第7話
ヘリに乗っているマイケルとミリーの目に、異様な光景が映る。
「ああ神様……貴方は何をお造りになったのか」
「あんなものが主の造形物なわけないでしょう!?」
ロサンゼルスを巨大な怪物達が蹂躙している。
無数のピラニアシャークとデストロイモルモット、そして巨大なゾンビが街中でぶつかり合う光景など誰も信じたくない。
ビルはまるでウエハースのように半ばでへし折れ、車がトミカのように吹き飛んでいく。
街からはおおよそ3kmは離れているであろうが、それでもヘリのモーター音以上に彼ら怪物達の咆哮の方がうるさい。
「ん? 通信が復旧したぞ……離れろ?」
ヘリのパイロットがそう呟いた瞬間。街の方で凄まじい爆音が響いた。
「何か爆発したぞ! 離れろ!」
マイケルが街を見れば、そこには青い閃光と共に立ち上るきのこ雲があった。
「ピラニアシャークの攻撃だ! 爆風に巻き込まれる!」
「退避! 退避ィッ!!」
言っている間に、ヘリは衝撃波によって激しく揺れる。缶詰めにぶちこまれてバットでフルスイングされたかのような衝撃。マイケル達は近くにあるものを死にものぐるいで掴むしかなかった。
「うわぁぁぁぁぁぁぁっ!!」
「テッドぉおおおおおおおおおおッ!!」
ドアガンナーとして乗っていた兵士が1人、暗闇の中へと消えていった。
「うわっ! 前からビームが!」
「退避!」
ピラニアシャークがヘリの存在に気がついたのだろう。こちらに向かって、ピラニアシャークのビームが放たれた。
「急げ急げ急げ急げ急げ!!」
ヘリは回頭し、その場から全速力で退避していく。
ロサンゼルスは火の海と化していた。
「キェェェェェェェェェェイェェェェェェッ!!」
「ア゛ア゛ア゛ア゛ア゛ア゛ア゛ア゛ア゛ッ!!」
「ゴガアァァァァァッ!!」
ピラニアシャーク達は目に映るもの全てが敵と言わんばかりにビームを放ち、デストロイモルモットとゾンビは咆哮をあげながらひたすらピラニアシャークに噛みついて地面に叩きつける。

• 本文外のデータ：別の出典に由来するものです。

(* Let $F$ and $B$ be finite simplicial sets, let $G$ be a simplicial group acting simplicially on $F$ from the left, and let $\tau\colon B_q\to G_{q-1}$ ($q>0$) be a twisting function, so that $E(\tau)=F\times_\tau B$ is a twisted Cartesian product. Let $R\to A$ be a map of commutative rings. Equip the simplicial commutative $R$-algebra $\mathcal{L}^R_F(A)$ with the left action of $G$ by $R$-algebra isomorphisms given in degree $n$ by $g\cdot\bigl(\bigotimes_{f\in F_n}a_f\bigr)=\bigotimes_{f\in F_n}a_{g^{-1}f}$ for $g\in G_n$. Then there is an isomorphism of simplicial commutative $R$-algebras \[\mathcal{L}^R_{E(\tau)}(A)\cong \mathcal{L}^R_B\bigl(\mathcal{L}^R_F(A)^\tau\bigr),\] induced in each simplicial degree $n$ by the identification $\bigotimes_{(f,b)\in F_n\times B_n}A\cong\bigotimes_{b\in B_n}\bigotimes_{f\in F_n}A$.
   Context: All tensor products are over $R$. For a finite simplicial set $X$ and a commutative $R$-algebra $A$, the (unpointed) Loday construction $\mathcal{L}^R_X(A)$ is the simplicial commutative $R$-algebra with $n$-simplices $\bigotimes_{x\in X_n}A$; the face map $d_i$ sends $\bigotimes_x a_x$ to $\bigotimes_{y\in X_{n-1}}\prod_{x: d_ix=y}a_x$ and the degeneracy $s_i$ sends it to $\bigotimes_{z\in X_{n+1}}\prod_{x:s_ix=z}a_x$ (empty products are $1$). A twisting function (Moore/May) for a simplicial group $G$ and simplicial set $B$ is a family of functions $\tau\colon B_q\to G_{q-1}$, $q>0$, with $d_0\tau(b)=[\tau(d_0b)]^{-1}\tau(d_1b)$ for $q>1$; $\tau(d_{i+1}b)=d_i\tau(b)$ for $i\ge1$, $q>1$; $\tau(s_{i+1}b)=s_i\tau(b)$ for $i\ge 0$; and $\tau(s_0b)=e$. If $G$ acts simplicially on $F$ from the left, the twisted Cartesian product $E(\tau)=F\times_\tau B$ is the simplicial set with $E(\tau)_n=F_n\times B_n$, $d_0(f,b)=(\tau(b)\cdot d_0f,d_0b)$, $d_i(f,b)=(d_if,d_ib)$ for $i>0$, $s_i(f,b)=(s_if,s_ib)$. If $C$ is a simplicial commutative $R$-algebra on which $G$ acts simplicially with each $G_q$ acting on $C_q$ by $R$-algebra isomorphisms, the twisted Loday construction $\mathcal{L}^R_B(C^\tau)$ is the simplicial commutative $R$-algebra with $n$-simplices $\bigotimes_{b\in B_n}C_n$ and structure maps on monomials: $d_0(\bigotimes_b f_b)=\bigotimes_{c\in B_{n-1}}\prod_{b:d_0b=c}\tau(b)(d_0f_b)$; $d_i(\bigotimes_b f_b)=\bigotimes_{c\in B_{n-1}}\prod_{b:d_ib=c}d_if_b$ for $1\le i\le n$; $s_i(\bigotimes_b f_b)=\bigotimes_{e\in B_{n+1}}\prod_{b:s_ib=e}s_if_b$. *)

theory Defs
  imports "HOL-Algebra.Algebra"
begin

definition simp_set :: "(nat \<Rightarrow> 'x set) \<Rightarrow> (nat \<Rightarrow> nat \<Rightarrow> 'x \<Rightarrow> 'x) \<Rightarrow> (nat \<Rightarrow> nat \<Rightarrow> 'x \<Rightarrow> 'x) \<Rightarrow> bool"
  where "simp_set Xs d s \<longleftrightarrow>
    (\<forall>n i x. 0 < n \<and> i \<le> n \<and> x \<in> Xs n \<longrightarrow> d n i x \<in> Xs (n - 1)) \<and>
    (\<forall>n i x. i \<le> n \<and> x \<in> Xs n \<longrightarrow> s n i x \<in> Xs (Suc n)) \<and>
    (\<forall>n i j x. 2 \<le> n \<and> i < j \<and> j \<le> n \<and> x \<in> Xs n \<longrightarrow>
        d (n - 1) i (d n j x) = d (n - 1) (j - 1) (d n i x)) \<and>
    (\<forall>n i j x. i \<le> j \<and> j \<le> n \<and> x \<in> Xs n \<longrightarrow>
        s (Suc n) i (s n j x) = s (Suc n) (Suc j) (s n i x)) \<and>
    (\<forall>n i j x. i < j \<and> j \<le> n \<and> x \<in> Xs n \<longrightarrow>
        d (Suc n) i (s n j x) = s (n - 1) (j - 1) (d n i x)) \<and>
    (\<forall>n j x. j \<le> n \<and> x \<in> Xs n \<longrightarrow> d (Suc n) j (s n j x) = x \<and> d (Suc n) (Suc j) (s n j x) = x) \<and>
    (\<forall>n i j x. Suc j < i \<and> i \<le> Suc n \<and> x \<in> Xs n \<longrightarrow>
        d (Suc n) i (s n j x) = s (n - 1) j (d n (i - 1) x))"

definition nondeg_simplices :: "(nat \<Rightarrow> 'x set) \<Rightarrow> (nat \<Rightarrow> nat \<Rightarrow> 'x \<Rightarrow> 'x) \<Rightarrow> (nat \<times> 'x) set"
  where "nondeg_simplices Xs s =
    {(n, x). x \<in> Xs n \<and> \<not> (\<exists>i<n. \<exists>y\<in>Xs (n - 1). x = s (n - 1) i y)}"

definition finite_simp_set :: "(nat \<Rightarrow> 'x set) \<Rightarrow> (nat \<Rightarrow> nat \<Rightarrow> 'x \<Rightarrow> 'x) \<Rightarrow> (nat \<Rightarrow> nat \<Rightarrow> 'x \<Rightarrow> 'x) \<Rightarrow> bool"
  where "finite_simp_set Xs d s \<longleftrightarrow> simp_set Xs d s \<and> finite (nondeg_simplices Xs s)"

definition simp_group :: "(nat \<Rightarrow> 'g monoid) \<Rightarrow> (nat \<Rightarrow> nat \<Rightarrow> 'g \<Rightarrow> 'g) \<Rightarrow> (nat \<Rightarrow> nat \<Rightarrow> 'g \<Rightarrow> 'g) \<Rightarrow> bool"
  where "simp_group G d s \<longleftrightarrow> simp_set (\<lambda>n. carrier (G n)) d s \<and> (\<forall>n. group (G n)) \<and>
    (\<forall>n i. 0 < n \<and> i \<le> n \<longrightarrow> d n i \<in> hom (G n) (G (n - 1))) \<and>
    (\<forall>n i. i \<le> n \<longrightarrow> s n i \<in> hom (G n) (G (Suc n)))"

definition simp_action ::
  "(nat \<Rightarrow> 'g monoid) \<Rightarrow> (nat \<Rightarrow> nat \<Rightarrow> 'g \<Rightarrow> 'g) \<Rightarrow> (nat \<Rightarrow> nat \<Rightarrow> 'g \<Rightarrow> 'g) \<Rightarrow>
   (nat \<Rightarrow> 'f set) \<Rightarrow> (nat \<Rightarrow> nat \<Rightarrow> 'f \<Rightarrow> 'f) \<Rightarrow> (nat \<Rightarrow> nat \<Rightarrow> 'f \<Rightarrow> 'f) \<Rightarrow>
   (nat \<Rightarrow> 'g \<Rightarrow> 'f \<Rightarrow> 'f) \<Rightarrow> bool"
  where "simp_action G dG sG F dF sF act \<longleftrightarrow>
    (\<forall>n. \<forall>g\<in>carrier (G n). \<forall>x\<in>F n. act n g x \<in> F n) \<and>
    (\<forall>n. \<forall>x\<in>F n. act n \<one>\<^bsub>G n\<^esub> x = x) \<and>
    (\<forall>n. \<forall>g\<in>carrier (G n). \<forall>h\<in>carrier (G n). \<forall>x\<in>F n.
        act n (g \<otimes>\<^bsub>G n\<^esub> h) x = act n g (act n h x)) \<and>
    (\<forall>n i. 0 < n \<and> i \<le> n \<longrightarrow> (\<forall>g\<in>carrier (G n). \<forall>x\<in>F n.
        dF n i (act n g x) = act (n - 1) (dG n i g) (dF n i x))) \<and>
    (\<forall>n i. i \<le> n \<longrightarrow> (\<forall>g\<in>carrier (G n). \<forall>x\<in>F n.
        sF n i (act n g x) = act (Suc n) (sG n i g) (sF n i x)))"

definition twisting_function ::
  "(nat \<Rightarrow> 'g monoid) \<Rightarrow> (nat \<Rightarrow> nat \<Rightarrow> 'g \<Rightarrow> 'g) \<Rightarrow> (nat \<Rightarrow> nat \<Rightarrow> 'g \<Rightarrow> 'g) \<Rightarrow>
   (nat \<Rightarrow> 'b set) \<Rightarrow> (nat \<Rightarrow> nat \<Rightarrow> 'b \<Rightarrow> 'b) \<Rightarrow> (nat \<Rightarrow> nat \<Rightarrow> 'b \<Rightarrow> 'b) \<Rightarrow>
   (nat \<Rightarrow> 'b \<Rightarrow> 'g) \<Rightarrow> bool"
  where "twisting_function G dG sG B dB sB tau \<longleftrightarrow>
    (\<forall>q. \<forall>b\<in>B q. 0 < q \<longrightarrow> tau q b \<in> carrier (G (q - 1))) \<and>
    (\<forall>q. \<forall>b\<in>B q. 1 < q \<longrightarrow>
        dG (q - 1) 0 (tau q b) =
          inv\<^bsub>G (q - 2)\<^esub> (tau (q - 1) (dB q 0 b)) \<otimes>\<^bsub>G (q - 2)\<^esub> tau (q - 1) (dB q 1 b)) \<and>
    (\<forall>q i. \<forall>b\<in>B q. 1 < q \<and> 1 \<le> i \<and> Suc i \<le> q \<longrightarrow>
        tau (q - 1) (dB q (Suc i) b) = dG (q - 1) i (tau q b)) \<and>
    (\<forall>q i. \<forall>b\<in>B q. 0 < q \<and> i < q \<longrightarrow>
        tau (Suc q) (sB q (Suc i) b) = sG (q - 1) i (tau q b)) \<and>
    (\<forall>q. \<forall>b\<in>B q. tau (Suc q) (sB q 0 b) = \<one>\<^bsub>G q\<^esub>)"

definition tcp_set :: "(nat \<Rightarrow> 'f set) \<Rightarrow> (nat \<Rightarrow> 'b set) \<Rightarrow> nat \<Rightarrow> ('f \<times> 'b) set"
  where "tcp_set F B n = F n \<times> B n"

definition tcp_face ::
  "(nat \<Rightarrow> 'g \<Rightarrow> 'f \<Rightarrow> 'f) \<Rightarrow> (nat \<Rightarrow> 'b \<Rightarrow> 'g) \<Rightarrow> (nat \<Rightarrow> nat \<Rightarrow> 'f \<Rightarrow> 'f) \<Rightarrow>
   (nat \<Rightarrow> nat \<Rightarrow> 'b \<Rightarrow> 'b) \<Rightarrow> nat \<Rightarrow> nat \<Rightarrow> 'f \<times> 'b \<Rightarrow> 'f \<times> 'b"
  where "tcp_face act tau dF dB n i = (\<lambda>(f, b).
     if i = 0 then (act (n - 1) (tau n b) (dF n 0 f), dB n 0 b) else (dF n i f, dB n i b))"

definition tcp_degen ::
  "(nat \<Rightarrow> nat \<Rightarrow> 'f \<Rightarrow> 'f) \<Rightarrow> (nat \<Rightarrow> nat \<Rightarrow> 'b \<Rightarrow> 'b) \<Rightarrow> nat \<Rightarrow> nat \<Rightarrow> 'f \<times> 'b \<Rightarrow> 'f \<times> 'b"
  where "tcp_degen sF sB n i = (\<lambda>(f, b). (sF n i f, sB n i b))"

text \<open>Polynomial ring over R in the variables V (monomials = multisets of
  variables, polynomials = finitely supported coefficient functions).\<close>

definition poly_ring :: "('r, 'm) ring_scheme \<Rightarrow> 'v set \<Rightarrow> ('v multiset \<Rightarrow> 'r) ring"
  where "poly_ring R V =
    \<lparr>carrier = {P. (\<forall>m. P m \<in> carrier R) \<and> finite {m. P m \<noteq> \<zero>\<^bsub>R\<^esub>} \<and>
                   (\<forall>m. P m \<noteq> \<zero>\<^bsub>R\<^esub> \<longrightarrow> set_mset m \<subseteq> V)},
     Group.monoid.mult = (\<lambda>P Q m. finsum R (\<lambda>m1. P m1 \<otimes>\<^bsub>R\<^esub> Q (m - m1)) {m1. m1 \<subseteq># m}),
     Group.monoid.one = (\<lambda>m. if m = {#} then \<one>\<^bsub>R\<^esub> else \<zero>\<^bsub>R\<^esub>),
     Ring.ring.zero = (\<lambda>m. \<zero>\<^bsub>R\<^esub>),
     Ring.ring.add = (\<lambda>P Q m. P m \<oplus>\<^bsub>R\<^esub> Q m)\<rparr>"

definition pvar :: "('r, 'm) ring_scheme \<Rightarrow> 'v \<Rightarrow> ('v multiset \<Rightarrow> 'r)"
  where "pvar R v = (\<lambda>m. if m = {#v#} then \<one>\<^bsub>R\<^esub> else \<zero>\<^bsub>R\<^esub>)"

definition pconst :: "('r, 'm) ring_scheme \<Rightarrow> 'r \<Rightarrow> ('v multiset \<Rightarrow> 'r)"
  where "pconst R r = (\<lambda>m. if m = {#} then r else \<zero>\<^bsub>R\<^esub>)"

text \<open>Relations making the polynomial ring on the symbols (i, a), i in I, a in A,
  into the tensor product over R of copies of A indexed by I
  (the coproduct of commutative R-algebras): each i-th factor map a -> (i,a)
  is a unital ring homomorphism compatible with the structure maps from R.\<close>
definition tensor_rels :: "('r, 'm) ring_scheme \<Rightarrow> ('a, 'n) ring_scheme \<Rightarrow> ('r \<Rightarrow> 'a) \<Rightarrow> 'i set
    \<Rightarrow> (('i \<times> 'a) multiset \<Rightarrow> 'r) set"
  where "tensor_rels R A eta I =
    (let P = poly_ring R (I \<times> carrier A) in
     {pvar R (i, a \<oplus>\<^bsub>A\<^esub> b) \<ominus>\<^bsub>P\<^esub> (pvar R (i, a) \<oplus>\<^bsub>P\<^esub> pvar R (i, b)) | i a b.
        i \<in> I \<and> a \<in> carrier A \<and> b \<in> carrier A} \<union>
     {pvar R (i, a \<otimes>\<^bsub>A\<^esub> b) \<ominus>\<^bsub>P\<^esub> (pvar R (i, a) \<otimes>\<^bsub>P\<^esub> pvar R (i, b)) | i a b.
        i \<in> I \<and> a \<in> carrier A \<and> b \<in> carrier A} \<union>
     {pvar R (i, \<one>\<^bsub>A\<^esub>) \<ominus>\<^bsub>P\<^esub> \<one>\<^bsub>P\<^esub> | i. i \<in> I} \<union>
     {pvar R (i, eta r) \<ominus>\<^bsub>P\<^esub> pconst R r | i r. i \<in> I \<and> r \<in> carrier R})"

definition tensor_ideal :: "('r, 'm) ring_scheme \<Rightarrow> ('a, 'n) ring_scheme \<Rightarrow> ('r \<Rightarrow> 'a) \<Rightarrow> 'i set
    \<Rightarrow> (('i \<times> 'a) multiset \<Rightarrow> 'r) set"
  where "tensor_ideal R A eta I = genideal (poly_ring R (I \<times> carrier A)) (tensor_rels R A eta I)"

definition tensor :: "('r, 'm) ring_scheme \<Rightarrow> ('a, 'n) ring_scheme \<Rightarrow> ('r \<Rightarrow> 'a) \<Rightarrow> 'i set
    \<Rightarrow> (('i \<times> 'a) multiset \<Rightarrow> 'r) set ring"
  where "tensor R A eta I = poly_ring R (I \<times> carrier A) Quot tensor_ideal R A eta I"

text \<open>The element a placed in the i-th tensor factor (1 elsewhere).\<close>
definition tgen :: "('r, 'm) ring_scheme \<Rightarrow> ('a, 'n) ring_scheme \<Rightarrow> ('r \<Rightarrow> 'a) \<Rightarrow> 'i set
    \<Rightarrow> 'i \<Rightarrow> 'a \<Rightarrow> (('i \<times> 'a) multiset \<Rightarrow> 'r) set"
  where "tgen R A eta I i a =
    tensor_ideal R A eta I +>\<^bsub>poly_ring R (I \<times> carrier A)\<^esub> pvar R (i, a)"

ロサンゼルスに住む人間達は急いで逃げようとしたが、当然間に合うわけもなかった。
「ああ、神様……」
1人の男は瓦礫の山となった街の中で目を覚ました。辺りをキョロキョロと見回せばビルの二階から上が消し飛んでいる。
「これが俺を守ってくれたのか。ありがてぇ」
だがもう生きる望みは薄い。かの怪物達は未だ街中を暴れまわっている。
「お?」
そんな中だ。男は倒れた移動式スタンドを目にした。ホットドッグを売っていたところだ。

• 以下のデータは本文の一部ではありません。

lemma wdet_hat_Null: "Null \<in> set cs \<Longrightarrow> wdet_hat N \<phi> m cs x t = 0"
  unfolding wdet_hat_def by (simp add: wdet_Null)

lemma wdet_swap: "wdet N \<phi> (xs @ a # b # ys) x t = - wdet N \<phi> (xs @ b # a # ys) x t"
proof (cases "length xs + 2 + length ys = N")
  case True
  let ?v = "\<lambda>k. col_vec N \<phi> ((xs @ b # a # ys) ! k) x t"
  let ?j = "length xs"
  have "?v(?j := ?v (Suc ?j), Suc ?j := ?v ?j) = (\<lambda>k. col_vec N \<phi> ((xs @ a # b # ys) ! k) x t)"
    by (auto simp: fun_eq_iff nth_append nth_Cons split: nat.splits)
  with det_cols_swap[of ?j N "Suc ?j" ?v] True show ?thesis
    unfolding wdet_def by simp
qed (auto simp: wdet_length_neq)

lemma wdet_move_right:
  "wdet N \<phi> (xs @ c # ys @ zs) x t = (- 1) ^ length ys * wdet N \<phi> (xs @ ys @ c # zs) x t"
proof (induction ys arbitrary: xs)
  case (Cons y ys)
  have "wdet N \<phi> (xs @ c # y # ys @ zs) x t = - wdet N \<phi> ((xs @ [y]) @ c # ys @ zs) x t"
    using wdet_swap[of N \<phi> xs c y "ys @ zs"] by simp
  then show ?case
    using Cons.IH[of "xs @ [y]"] by simp
qed simp

lemma wdet_hat_update:
  assumes "j < m"
  shows "wdet N \<phi> ((map Phi [0..<m] @ cs)[j := c]) x t
    = (- 1) ^ (m - Suc j) * wdet N \<phi> (map Phi [0..<j] @ map Phi [Suc j..<m] @ c # cs) x t"
proof -
  have "[0..<m] = [0..<j] @ [j..<m]"
    using upt_add_eq_append[of 0 j "m - j"] assms by simp
  also have "[j..<m] = j # [Suc j..<m]"
    using assms by (rule upt_conv_Cons)
  finally have "(map Phi [0..<m] @ cs)[j := c] = map Phi [0..<j] @ c # map Phi [Suc j..<m] @ cs"
    by (simp add: list_update_append)
  then show ?thesis
    using wdet_move_right[of N \<phi> "map Phi [0..<j]" c "map Phi [Suc j..<m]" cs] by simp
qed

lemma wdet_hat_update_dup:
  assumes "j + s < m" "0 < s"
  shows "wdet N \<phi> ((map Phi [0..<m] @ cs)[j := Phi (j + s)]) x t = 0"
proof (rule wdet_not_distinct)
  let ?cs = "(map Phi [0..<m] @ cs)[j := Phi (j + s)]"
  have "?cs ! j = Phi (j + s)" "?cs ! (j + s) = Phi (j + s)" "j + s < length ?cs"
    using assms by (auto simp: nth_append)
  moreover have "j < length ?cs" "j \<noteq> j + s"
    using assms by auto
  ultimately show "\<not> distinct ?cs"
    by (metis nth_eq_iff_index_eq)
qed

lemma sum_lessThan_add_nat: "(\<Sum>j<m + l. f j) = (\<Sum>j<m. f j) + (\<Sum>p<l. f (m + p))"
  for l :: nat
  by (induction l) (simp_all add: add.assoc)

lemma wdet_hat_shift1_sum:
  assumes "m + length cs = N"
  shows "(\<Sum>j<m. wdet N \<phi> ((map Phi [0..<m] @ cs)[j := Phi (j + 1)]) x t)
    = wdet_hat N \<phi> (m - 1) (Phi m # cs) x t"
proof (cases m)
  case 0
  then show ?thesis using assms by (simp add: wdet_hat_length_neq)
next
  case (Suc m')
  have "(\<Sum>j<m'. wdet N \<phi> ((map Phi [0..<m] @ cs)[j := Phi (j + 1)]) x t) = 0"
    using Suc by (intro sum.neutral ballI wdet_hat_update_dup) auto
  then show ?thesis
    using wdet_hat_update[of m' m N \<phi> cs "Phi m"] Suc by (simp add: wdet_hat_def)
qed

lemma wdet_hat_shift2_sum:
  assumes "m + length cs = N"
  shows "(\<Sum>j<m. wdet N \<phi> ((map Phi [0..<m] @ cs)[j := Phi (j + 2)]) x t)
    = wdet_hat N \<phi> (m - 1) (Phi (m + 1) # cs) x t - wdet_hat N \<phi> (m - 2) (Phi (m - 1) # Phi m # cs) x t"
proof -
  consider "m = 0" | "m = 1" | m' where "m = m' + 2"
    by atomize_elim presburger
  then show ?thesis
  proof cases
    case 3
    have "(\<Sum>j<m'. wdet N \<phi> ((map Phi [0..<m] @ cs)[j := Phi (j + 2)]) x t) = 0"
      using 3 by (intro sum.neutral ballI wdet_hat_update_dup) auto
    then show ?thesis
      using wdet_hat_update[of m' m N \<phi> cs "Phi (m' + 2)"]
        wdet_hat_update[of "m' + 1" m N \<phi> cs "Phi (m' + 3)"] 3
      by (simp add: wdet_hat_def eval_nat_numeral)
  qed (use assms in \<open>simp_all add: wdet_hat_def wdet_length_neq wdet_not_distinct\<close>)
qed

lemma wdet_hat_shift3_sum:
  assumes "m + length cs = N"
  shows "(\<Sum>j<m. wdet N \<phi> ((map Phi [0..<m] @ cs)[j := Phi (j + 3)]) x t)
    = wdet_hat N \<phi> (m - 3) (Phi (m - 2) # Phi (m - 1) # Phi m # cs) x t
      - wdet_hat N \<phi> (m - 2) (Phi (m - 1) # Phi (m + 1) # cs) x t
      + wdet_hat N \<phi> (m - 1) (Phi (m + 2) # cs) x t"
proof -
  consider "m = 0" | "m = 1" | "m = 2" | m' where "m = m' + 3"
    by atomize_elim presburger
  then show ?thesis
  proof cases
    case 4
    have "(\<Sum>j<m'. wdet N \<phi> ((map Phi [0..<m] @ cs)[j := Phi (j + 3)]) x t) = 0"
      using 4 by (intro sum.neutral ballI wdet_hat_update_dup) auto
    then show ?thesis
      using wdet_hat_update[of m' m N \<phi> cs "Phi (m' + 3)"]
        wdet_hat_update[of "m' + 1" m N \<phi> cs "Phi (m' + 4)"]
        wdet_hat_update[of "m' + 2" m N \<phi> cs "Phi (m' + 5)"] 4
      by (simp add: wdet_hat_def eval_nat_numeral)
  next
    case 3
    then show ?thesis
      using wdet_hat_update[of 0 m N \<phi> cs "Phi 3"] wdet_hat_update[of 1 m N \<phi> cs "Phi 4"] assms
      by (simp add: wdet_hat_def wdet_length_neq eval_nat_numeral)
  qed (use assms in \<open>simp_all add: wdet_hat_def wdet_length_neq wdet_not_distinct eval_nat_numeral\<close>)
qed

lemma det_cols_update_col_vec:
  assumes "length cs = N" "j < N"
  shows "det_cols N ((\<lambda>k. col_vec N \<phi> (cs ! k) x t)(j := (\<lambda>i. a * col_vec N \<phi> c x t i)))
    = a * wdet N \<phi> (cs[j := c]) x t"
  using assms unfolding det_cols_scale_col[OF assms(2)] wdet_def
  by (auto intro!: arg_cong[where f = "(*) a"] det_cols_cong simp: nth_list_update)

text \<open>Stated along a curve (X s, T s) so as to cover both partial derivatives.\<close>
lemma has_vector_derivative_wdet:
  fixes X T :: "real \<Rightarrow> real"
  assumes "\<And>c i. i < N \<Longrightarrow>
    ((\<lambda>s. col_vec N \<phi> c (X s) (T s) i) has_vector_derivative \<mu> * col_vec N \<phi> (\<delta> c) (X s) (T s) i) (at s)"
  shows "((\<lambda>s. wdet N \<phi> cs (X s) (T s)) has_vector_derivative
    \<mu> * (\<Sum>j<N. wdet N \<phi> (cs[j := \<delta> (cs ! j)]) (X s) (T s))) (at s)"
proof (cases "length cs = N")
  case True
  have "((\<lambda>s. det_cols N (\<lambda>k. col_vec N \<phi> (cs ! k) (X s) (T s))) has_vector_derivative
      (\<Sum>j<N. det_cols N ((\<lambda>k. col_vec N \<phi> (cs ! k) (X s) (T s))
        (j := (\<lambda>i. \<mu> * col_vec N \<phi> (\<delta> (cs ! j)) (X s) (T s) i))))) (at s)"
    using assms by (intro has_vector_derivative_det_cols)
  then show ?thesis
    using True by (simp add: wdet_def det_cols_update_col_vec sum_distrib_left)
qed (simp add: wdet_length_neq)

lemma wdet_hat_plucker:
  "wdet_hat N \<phi> m [a, b] x t * wdet_hat N \<phi> m [c, d] x t
   - wdet_hat N \<phi> m [a, c] x t * wdet_hat N \<phi> m [b, d] x t
   + wdet_hat N \<phi> m [a, d] x t * wdet_hat N \<phi> m [b, c] x t = 0"
proof (cases "m + 2 = N")
  case True
  let ?v = "\<lambda>k. col_vec N \<phi> (Phi k) x t"
  have "wdet_hat N \<phi> m [y, z] x t = det_cols N (?v(N-2 := col_vec N \<phi> y x t, N-1 := col_vec N \<phi> z x t))"
    for y z
    unfolding wdet_hat_def wdet_def using True
    by (auto intro!: det_cols_cong simp: nth_append nth_Cons split: nat.splits)
  then show ?thesis
    using det_cols_plucker[of N ?v] True by simp
qed (simp add: wdet_hat_length_neq)

section \<open>The bilinear equations\<close>

lemma bilinear_xx_algebra:
  fixes f g F1 G1 F2a F2b G2a G2b T a :: "'a::comm_ring_1"
  assumes "T * f = F2a - F2b" "(T - a) * g = G2a - G2b" "f * G2b - F1 * G1 + g * F2a = 0"
  shows "(F2a + F2b) * g - 2 * F1 * G1 + f * (G2a + G2b) = - a * f * g"
proof -
  have "(F2a + F2b) * g - 2 * F1 * G1 + f * (G2a + G2b) + a * f * g
      = 2 * (f * G2b - F1 * G1 + g * F2a) + g * (T * f - (F2a - F2b)) - f * ((T - a) * g - (G2a - G2b))"
    by (simp add: algebra_simps)
  then show ?thesis
    using assms by (simp add: eq_neg_iff_add_eq_0)
qed

lemma bilinear_xxx_t_algebra:
  fixes f g F1 G1 F2a F2b G2a G2b F3a F3b F3c G3a G3b G3c T a :: "'a::comm_ring_1"
  assumes "T * f = F2a - F2b" "T * F1 = F3a - F3c" "(T - a) * g = G2a - G2b" "(T - a) * G1 = G3a - G3c"
    and "f * G3c - F2b * G1 + g * F3b = 0"
    and "f * (G3b + G3c) - F2b * G1 - F1 * G2a + g * (F3a + F3b) = 0"
  shows "((F3a + 2 * F3b + F3c) * g - 3 * (F2a + F2b) * G1 + 3 * F1 * (G2a + G2b)
        - f * (G3a + 2 * G3b + G3c))
      + (- 4 * (F3a - F3b + F3c) * g - f * (- 4 * (G3a - G3b + G3c)))
      + 3 * (- a) * (F1 * g - f * G1) = 0"
proof -
  have "((F3a + 2 * F3b + F3c) * g - 3 * (F2a + F2b) * G1 + 3 * F1 * (G2a + G2b)
        - f * (G3a + 2 * G3b + G3c))
      + (- 4 * (F3a - F3b + F3c) * g - f * (- 4 * (G3a - G3b + G3c)))
      + 3 * (- a) * (F1 * g - f * G1)
    = 3 * (4 * (f * G3c - F2b * G1 + g * F3b)
        - 2 * (f * (G3b + G3c) - F2b * G1 - F1 * G2a + g * (F3a + F3b))
        - g * (T * F1 - (F3a - F3c)) - f * ((T - a) * G1 - (G3a - G3c)) + G1 * (T * f - (F2a - F2b))
        + F1 * ((T - a) * g - (G2a - G2b)))"
    by (simp add: algebra_simps)
  then show ?thesis
    using assms by simp
qed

「女房は身体に悪いからやめろだの抜かしやがったっけな」
200kgを超える彼。見ればパンにソーセージ、その他マスタードなどがまだスタンドに残っている。男は吸い寄せられるように近づいた。
「こんなものを今まで身体に悪いなんて言ってたのか。アホらしい」
パンを開き、ソーセージを入れ、チリと刻んだタマネギを散らす。あとはそばに落ちていた缶のコーラを開ければ、アメリカのご機嫌な夜食だ。
「これぞアメリカ」
ホットドッグを口一杯に頬張り口の回りをケチャップまみれにしながら、それをコーラで流し込む。
「まさに天にも昇る味ってヤツだ。そうだろ?」
男が振り向くと、青い閃光が迫ってきていた。方眉を上げニヒルな笑みを浮かべコーラを飲みながら彼は閃光と共に消えていった。